Your objective » Go through the listing below from its first line and repeat each line exactly, ending at the line containing "it suffices to" and including it.

Task data »
(* Let $n\geq 2$ and let $R$ be the unital associative ring $\langle x,y \mid x^n=0,\ y^n=0,\ xy+y^{n-1}x^{n-1}=1\rangle$. Then $R$ is generated as an additive group by the elements $y^ix^j$ for $0\leq i,j<n$.
   Context: $R$ denotes the quotient of the free unital associative ring $\mathbb{Z}\langle x,y\rangle$ by the two-sided ideal generated by $x^n$, $y^n$ and $xy+y^{n-1}x^{n-1}-1$; $x^0=y^0=1$. *)

theory Defs
  imports Main
begin

text \<open>It is the image of the free ring Z<x,y>
  under the evaluation homomorphism X |-> x, Y |-> y.\<close>

inductive_set ring_gen :: "'a::ring_1 \<Rightarrow> 'a \<Rightarrow> 'a set" for x y :: "'a::ring_1" where
  zero: "0 \<in> ring_gen x y"
| one:  "1 \<in> ring_gen x y"
| genx: "x \<in> ring_gen x y"
| geny: "y \<in> ring_gen x y"
| add:  "a \<in> ring_gen x y \<Longrightarrow> b \<in> ring_gen x y \<Longrightarrow> a + b \<in> ring_gen x y"
| neg:  "a \<in> ring_gen x y \<Longrightarrow> - a \<in> ring_gen x y"
| mult: "a \<in> ring_gen x y \<Longrightarrow> b \<in> ring_gen x y \<Longrightarrow> a * b \<in> ring_gen x y"

end

theory Submission
  imports Defs
begin

text \<open>Since every element of the subring generated by x and y is a polynomial in x and y,
  it suffices to show that the additive group spanned by the monomials y^i x^j is stable
  under left multiplication by x and y. For y this is clear; for x the relation gives the
  normal form x y^i = y^(i-1) - y^(n-1) x^(n-i), which rests on the identity
  y^(n-1) x^m y^m = y^(n-1) for m < n. Nilpotency then discards the monomials with i \<ge> n
  or j \<ge> n.\<close>

lemma ring_gen_subset_if_left_mult_closed:
  fixes A :: "'a::ring_1 set"
  assumes one: "1 \<in> A"
    and add_closed: "\<And>a b. a \<in> A \<Longrightarrow> b \<in> A \<Longrightarrow> a + b \<in> A"
    and neg_closed: "\<And>a. a \<in> A \<Longrightarrow> - a \<in> A"
    and x_mult: "\<And>a. a \<in> A \<Longrightarrow> x * a \<in> A"
    and y_mult: "\<And>a. a \<in> A \<Longrightarrow> y * a \<in> A"
  shows "ring_gen x y \<subseteq> A"
proof -
  have "z * a \<in> A" if "z \<in> ring_gen x y" "a \<in> A" for z a
    using that
  proof (induction arbitrary: a rule: ring_gen.induct)
    case zero
    have "a + - a \<in> A" using zero add_closed neg_closed by blast
    then show ?case by simp
  next
    case (add b c)
    then show ?case by (simp add: distrib_right add_closed)
  next
    case (neg b)
    then show ?case by (simp add: neg_closed)
  next
    case (mult b c)
    then show ?case by (simp add: mult.assoc)
  qed (simp_all add: x_mult y_mult)
  then show ?thesis using one by fastforce
qed

lemma power_eq_0_if_le: "(z::'a::{monoid_mult,mult_zero}) ^ n = 0 \<Longrightarrow> n \<le> k \<Longrightarrow> z ^ k = 0"
  by (metis le_add_diff_inverse mult_zero_left power_add)

inductive_set monomial_group :: "'a::ring_1 \<Rightarrow> 'a \<Rightarrow> 'a set" for x y :: 'a where
  monomial: "y ^ i * x ^ j \<in> monomial_group x y"
| zero: "0 \<in> monomial_group x y"
| add: "a \<in> monomial_group x y \<Longrightarrow> b \<in> monomial_group x y \<Longrightarrow> a + b \<in> monomial_group x y"
| neg: "a \<in> monomial_group x y \<Longrightarrow> - a \<in> monomial_group x y"

lemma y_mult_monomial_group: "a \<in> monomial_group x y \<Longrightarrow> y * a \<in> monomial_group x y"
proof (induction rule: monomial_group.induct)
  case (monomial i j)
  then show ?case using monomial_group.monomial[of y "Suc i" x j] by (simp add: mult.assoc)
qed (auto simp: distrib_left intro: monomial_group.intros)

context
  fixes n :: nat and x y :: "'a::ring_1"
  assumes x_nilpotent: "x ^ n = 0" and y_nilpotent: "y ^ n = 0"
    and relation: "x * y + y ^ (n - 1) * x ^ (n - 1) = 1"
begin

lemma x_mult_y: "x * y = 1 - y ^ (n - 1) * x ^ (n - 1)"
  using relation by (metis add_diff_cancel_right')

lemma y_top_x_power_y_top_eq_0:
  assumes "m < n - 1" and cancel: "y ^ (n - 1) * x ^ m * y ^ m = y ^ (n - 1)"
  shows "y ^ (n - 1) * x ^ m * y ^ (n - 1) = 0"
proof -
  have "y ^ (n - 1) * x ^ m * y ^ (n - 1) = y ^ (n - 1) * x ^ m * y ^ m * y ^ (n - 1 - m)"
    using \<open>m < n - 1\<close> by (simp add: mult.assoc flip: power_add)
  also have "\<dots> = y ^ (n - 1 + (n - 1 - m))" using cancel by (simp add: power_add)
  also have "\<dots> = 0" using \<open>m < n - 1\<close> by (intro power_eq_0_if_le[OF y_nilpotent]) simp
  finally show ?thesis .
qed

lemma y_top_x_power_y_power: "m \<le> n - 1 \<Longrightarrow> y ^ (n - 1) * x ^ m * y ^ m = y ^ (n - 1)"
proof (induction m)
  case 0
  then show ?case by simp
next
  case (Suc m)
  then have IH: "y ^ (n - 1) * x ^ m * y ^ m = y ^ (n - 1)" by simp
  have "y ^ (n - 1) * x ^ Suc m * y ^ Suc m = y ^ (n - 1) * x ^ m * (x * y) * y ^ m"
    by (simp only: power_Suc2[of x m] power_Suc[of y m] mult.assoc)
  also have "\<dots> = y ^ (n - 1) * x ^ m * y ^ m
      - y ^ (n - 1) * x ^ m * y ^ (n - 1) * x ^ (n - 1) * y ^ m"
    by (simp only: x_mult_y right_diff_distrib left_diff_distrib mult_1_right mult.assoc)
  also have "\<dots> = y ^ (n - 1)"
    using IH y_top_x_power_y_top_eq_0[of m] Suc.prems by simp
  finally show ?case .
qed

lemma x_mult_y_power: "1 \<le> i \<Longrightarrow> i \<le> n \<Longrightarrow> x * y ^ i = y ^ (i - 1) - y ^ (n - 1) * x ^ (n - i)"
proof (induction i rule: nat_induct_at_least)
  case base
  then show ?case using x_mult_y by simp
next
  case (Suc i)
  then have IH: "x * y ^ i = y ^ (i - 1) - y ^ (n - 1) * x ^ (n - i)" by simp
  have x_power: "x ^ (n - i) = x ^ (n - Suc i) * x"
    using Suc.prems by (simp flip: power_Suc2 add: Suc_diff_Suc)
  have y_power: "y ^ (i - 1) * y = y ^ i"
    using Suc.hyps by (simp flip: power_Suc2)
  have "x * y ^ Suc i = (x * y ^ i) * y" by (simp add: mult.assoc flip: power_Suc2)
  also have "\<dots> = y ^ i - y ^ (n - 1) * x ^ (n - Suc i) * (x * y)"
    by (simp only: IH x_power y_power left_diff_distrib mult.assoc)
  also have "\<dots> = y ^ i - y ^ (n - 1) * x ^ (n - Suc i)
      + y ^ (n - 1) * x ^ (n - Suc i) * y ^ (n - 1) * x ^ (n - 1)"
    by (simp only: x_mult_y right_diff_distrib left_diff_distrib mult_1_right mult.assoc
        diff_diff_eq2 diff_add_eq)
  also have "\<dots> = y ^ i - y ^ (n - 1) * x ^ (n - Suc i)"
    using y_top_x_power_y_top_eq_0[of "n - Suc i"] y_top_x_power_y_power[of "n - Suc i"]
      Suc.prems Suc.hyps by simp
  finally show ?case by simp
qed

lemma x_mult_monomial: "x * (y ^ i * x ^ j) \<in> monomial_group x y"
proof (cases "i = 0")
  case True
  then show ?thesis using monomial_group.monomial[of y 0 x "Suc j"] by simp
next
  case i_pos: False
  show ?thesis
  proof (cases "i \<le> n")
    case True
    have "x * (y ^ i * x ^ j) = (y ^ (i - 1) - y ^ (n - 1) * x ^ (n - i)) * x ^ j"
      using x_mult_y_power[of i] True i_pos by (simp flip: mult.assoc)
    also have "\<dots> = y ^ (i - 1) * x ^ j + - (y ^ (n - 1) * x ^ (n - i + j))"
      by (simp add: left_diff_distrib mult.assoc power_add)
    finally show ?thesis by (metis monomial_group.intros)
  next
    case False
    then show ?thesis using power_eq_0_if_le[OF y_nilpotent, of i] monomial_group.zero by simp
  qed
qed

lemma x_mult_monomial_group: "a \<in> monomial_group x y \<Longrightarrow> x * a \<in> monomial_group x y"
  by (induction rule: monomial_group.induct)
    (auto simp: x_mult_monomial distrib_left intro: monomial_group.intros)

lemma ring_gen_subset_monomial_group: "ring_gen x y \<subseteq> monomial_group x y"
  using monomial_group.monomial[of y 0 x 0]
  by (intro ring_gen_subset_if_left_mult_closed)
    (simp_all add: monomial_group.add monomial_group.neg x_mult_monomial_group y_mult_monomial_group)

end

definition int_combinations :: "nat \<Rightarrow> 'a::ring_1 \<Rightarrow> 'a \<Rightarrow> 'a set" where
  "int_combinations n x y =
     {z. \<exists>c :: nat \<Rightarrow> nat \<Rightarrow> int. z = (\<Sum>i<n. \<Sum>j<n. of_int (c i j) * (y ^ i * x ^ j))}"

lemma zero_in_int_combinations: "0 \<in> int_combinations n x y"
  unfolding int_combinations_def by (intro CollectI exI[of _ "\<lambda>_ _. 0"]) simp

lemma add_in_int_combinations:
  assumes "a \<in> int_combinations n x y" "b \<in> int_combinations n x y"
  shows "a + b \<in> int_combinations n x y"
proof -
  obtain c d where "a = (\<Sum>i<n. \<Sum>j<n. of_int (c i j) * (y ^ i * x ^ j))"
    and "b = (\<Sum>i<n. \<Sum>j<n. of_int (d i j) * (y ^ i * x ^ j))"
    using assms unfolding int_combinations_def by blast
  then show ?thesis unfolding int_combinations_def
    by (intro CollectI exI[of _ "\<lambda>i j. c i j + d i j"])
      (simp only: of_int_add distrib_right sum.distrib)
qed

lemma neg_in_int_combinations:
  assumes "a \<in> int_combinations n x y"
  shows "- a \<in> int_combinations n x y"
proof -
  obtain c where "a = (\<Sum>i<n. \<Sum>j<n. of_int (c i j) * (y ^ i * x ^ j))"
    using assms unfolding int_combinations_def by blast
  then show ?thesis unfolding int_combinations_def
    by (intro CollectI exI[of _ "\<lambda>i j. - c i j"])
      (simp only: of_int_minus mult_minus_left sum_negf)
qed

lemma monomial_in_int_combinations:
  assumes "i < n" "j < n"
  shows "y ^ i * x ^ j \<in> int_combinations n x y"
proof -
  let ?c = "\<lambda>a b. if a = i \<and> b = j then 1 else 0 :: int"
  have "of_int (?c a b) * (y ^ a * x ^ b) = (if b = j then if a = i then y ^ a * x ^ b else 0 else 0)"
    for a b by simp
  then have "(\<Sum>a<n. \<Sum>b<n. of_int (?c a b) * (y ^ a * x ^ b)) = y ^ i * x ^ j"
    using assms by (simp add: sum.delta)
  then show ?thesis unfolding int_combinations_def by (intro CollectI exI[of _ ?c]) simp
qed

lemma monomial_group_subset_int_combinations:
  fixes x y :: "'a::ring_1"
  assumes "x ^ n = 0" "y ^ n = 0"
  shows "monomial_group x y \<subseteq> int_combinations n x y"
proof
  fix z assume "z \<in> monomial_group x y"
  then show "z \<in> int_combinations n x y"
  proof (induction rule: monomial_group.induct)
    case (monomial i j)
    show ?case
    proof (cases "i < n \<and> j < n")
      case True
      then show ?thesis by (simp add: monomial_in_int_combinations)
    next
      case False
      then have "y ^ i * x ^ j = 0"
        using power_eq_0_if_le[OF assms(2), of i] power_eq_0_if_le[OF assms(1), of j] by force
      then show ?thesis by (simp add: zero_in_int_combinations)
    qed
  qed (simp_all add: zero_in_int_combinations add_in_int_combinations neg_in_int_combinations)
qed

theorem lemma2:
  fixes n :: nat and x y :: "'a::ring_1"
  assumes "n \<ge> 2"
    and "x ^ n = 0" and "y ^ n = 0"
    and "x * y + y ^ (n - 1) * x ^ (n - 1) = 1"
  shows "\<forall>z \<in> ring_gen x y. \<exists>c :: nat \<Rightarrow> nat \<Rightarrow> int.
           z = (\<Sum>i<n. \<Sum>j<n. of_int (c i j) * (y ^ i * x ^ j))"
proof -
  have "ring_gen x y \<subseteq> monomial_group x y"
    by (rule ring_gen_subset_monomial_group[OF assms(2-4)])
  also have "\<dots> \<subseteq> int_combinations n x y"
    by (rule monomial_group_subset_int_combinations[OF assms(2,3)])
  finally show ?thesis unfolding int_combinations_def by blast
qed

end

Exercise result »
(* Let $n\geq 2$ and let $R$ be the unital associative ring $\langle x,y \mid x^n=0,\ y^n=0,\ xy+y^{n-1}x^{n-1}=1\rangle$. Then $R$ is generated as an additive group by the elements $y^ix^j$ for $0\leq i,j<n$.
   Context: $R$ denotes the quotient of the free unital associative ring $\mathbb{Z}\langle x,y\rangle$ by the two-sided ideal generated by $x^n$, $y^n$ and $xy+y^{n-1}x^{n-1}-1$; $x^0=y^0=1$. *)

theory Defs
  imports Main
begin

text \<open>It is the image of the free ring Z<x,y>
  under the evaluation homomorphism X |-> x, Y |-> y.\<close>

inductive_set ring_gen :: "'a::ring_1 \<Rightarrow> 'a \<Rightarrow> 'a set" for x y :: "'a::ring_1" where
  zero: "0 \<in> ring_gen x y"
| one:  "1 \<in> ring_gen x y"
| genx: "x \<in> ring_gen x y"
| geny: "y \<in> ring_gen x y"
| add:  "a \<in> ring_gen x y \<Longrightarrow> b \<in> ring_gen x y \<Longrightarrow> a + b \<in> ring_gen x y"
| neg:  "a \<in> ring_gen x y \<Longrightarrow> - a \<in> ring_gen x y"
| mult: "a \<in> ring_gen x y \<Longrightarrow> b \<in> ring_gen x y \<Longrightarrow> a * b \<in> ring_gen x y"

end

theory Submission
  imports Defs
begin

text \<open>Since every element of the subring generated by x and y is a polynomial in x and y,
  it suffices to show that the additive group spanned by the monomials y^i x^j is stable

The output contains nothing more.